### Problem
Below are several records. Retype exactly those lines running from the one with "(\<forall>A B :: 'b" through the one with "B \<and> span", end lines included, and no others.

### Saved data entries
lemma complex_banach_algebra_without_fd_subalgebras:
  fixes cs :: "complex \<Rightarrow> 'a::{real_normed_algebra_1,banach,comm_ring_1} \<Rightarrow> 'a"
  assumes "complex_banach_algebra cs" "only_trivial_fd_subalgebra cs"
  shows "algebra_without_fd_subalgebras cs"
proof -
  have "\<exists>c. c \<noteq> 0 \<and> 1 + cs c x \<in> invertibles" for x
  proof -
    obtain c :: real where "c \<noteq> 0" "1 + c *\<^sub>R x \<in> invertibles"
      using exists_one_plus_scaleR_invertible by blast
    then show ?thesis
      using assms(1) unfolding complex_banach_algebra_def
      by (intro exI[of _ "complex_of_real c"]) simp
  qed
  then show ?thesis
    using assms unfolding algebra_without_fd_subalgebras_def algebra_without_fd_subalgebras_axioms_def
      comm_algebra_def comm_algebra_axioms_def complex_banach_algebra_def by blast
qed

theorem corollary4p3:
  shows
  "(only_trivial_fd_subalgebra (scaleR :: real \<Rightarrow> 'a \<Rightarrow> 'a::{real_normed_algebra_1,banach,comm_ring_1})
      \<longrightarrow> (\<forall>A B :: 'a set. finite A \<and> finite B
            \<and> span A \<inter> invertibles \<noteq> {} \<and> span B \<inter> invertibles \<noteq> {}
            \<longrightarrow> int (dim (setprod A B)) \<ge> int (dim A) + int (dim B) - 1))
   \<and> (\<forall>cs :: complex \<Rightarrow> 'b \<Rightarrow> 'b::{real_normed_algebra_1,banach,comm_ring_1}.
        complex_banach_algebra cs \<and> only_trivial_fd_subalgebra cs
      \<longrightarrow> (\<forall>A B :: 'b set. finite A \<and> finite B
            \<and> module.span cs A \<inter> invertibles \<noteq> {} \<and> module.span cs B \<inter> invertibles \<noteq> {}
            \<longrightarrow> int (vector_space.dim cs (setprod A B))
                  \<ge> int (vector_space.dim cs A) + int (vector_space.dim cs B) - 1))"
proof (intro conjI impI allI)
  fix A B :: "'a set"
  assume "only_trivial_fd_subalgebra (scaleR :: real \<Rightarrow> 'a \<Rightarrow> 'a)"
    and "finite A \<and> finite B \<and> span A \<inter> invertibles \<noteq> {} \<and> span B \<inter> invertibles \<noteq> {}"
  then have "dim A + dim B \<le> dim (setprod A B) + 1"
    using algebra_without_fd_subalgebras.dim_setprod_ge[OF real_banach_algebra_without_fd_subalgebras]
    by (simp add: span_raw_def dim_raw_def) blast
  then show "int (dim (setprod A B)) \<ge> int (dim A) + int (dim B) - 1"
    by linarith
next
  fix cs :: "complex \<Rightarrow> 'b \<Rightarrow> 'b" and A B :: "'b set"
  assume "complex_banach_algebra cs \<and> only_trivial_fd_subalgebra cs"
    and "finite A \<and> finite B \<and> module.span cs A \<inter> invertibles \<noteq> {} \<and> module.span cs B \<inter> invertibles \<noteq> {}"
  then have "vector_space.dim cs A + vector_space.dim cs B \<le> vector_space.dim cs (setprod A B) + 1"
    using algebra_without_fd_subalgebras.dim_setprod_ge[OF complex_banach_algebra_without_fd_subalgebras]
    by blast
  then show "int (vector_space.dim cs (setprod A B))
      \<ge> int (vector_space.dim cs A) + int (vector_space.dim cs B) - 1"
    by linarith
qed

end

### Reply
      \<longrightarrow> (\<forall>A B :: 'b set. finite A \<and> finite B
            \<and> module.span cs A \<inter> invertibles \<noteq> {} \<and> module.span cs B \<inter> invertibles \<noteq> {}
            \<longrightarrow> int (vector_space.dim cs (setprod A B))
                  \<ge> int (vector_space.dim cs A) + int (vector_space.dim cs B) - 1))"
proof (intro conjI impI allI)
  fix A B :: "'a set"
  assume "only_trivial_fd_subalgebra (scaleR :: real \<Rightarrow> 'a \<Rightarrow> 'a)"
    and "finite A \<and> finite B \<and> span A \<inter> invertibles \<noteq> {} \<and> span B \<inter> invertibles \<noteq> {}"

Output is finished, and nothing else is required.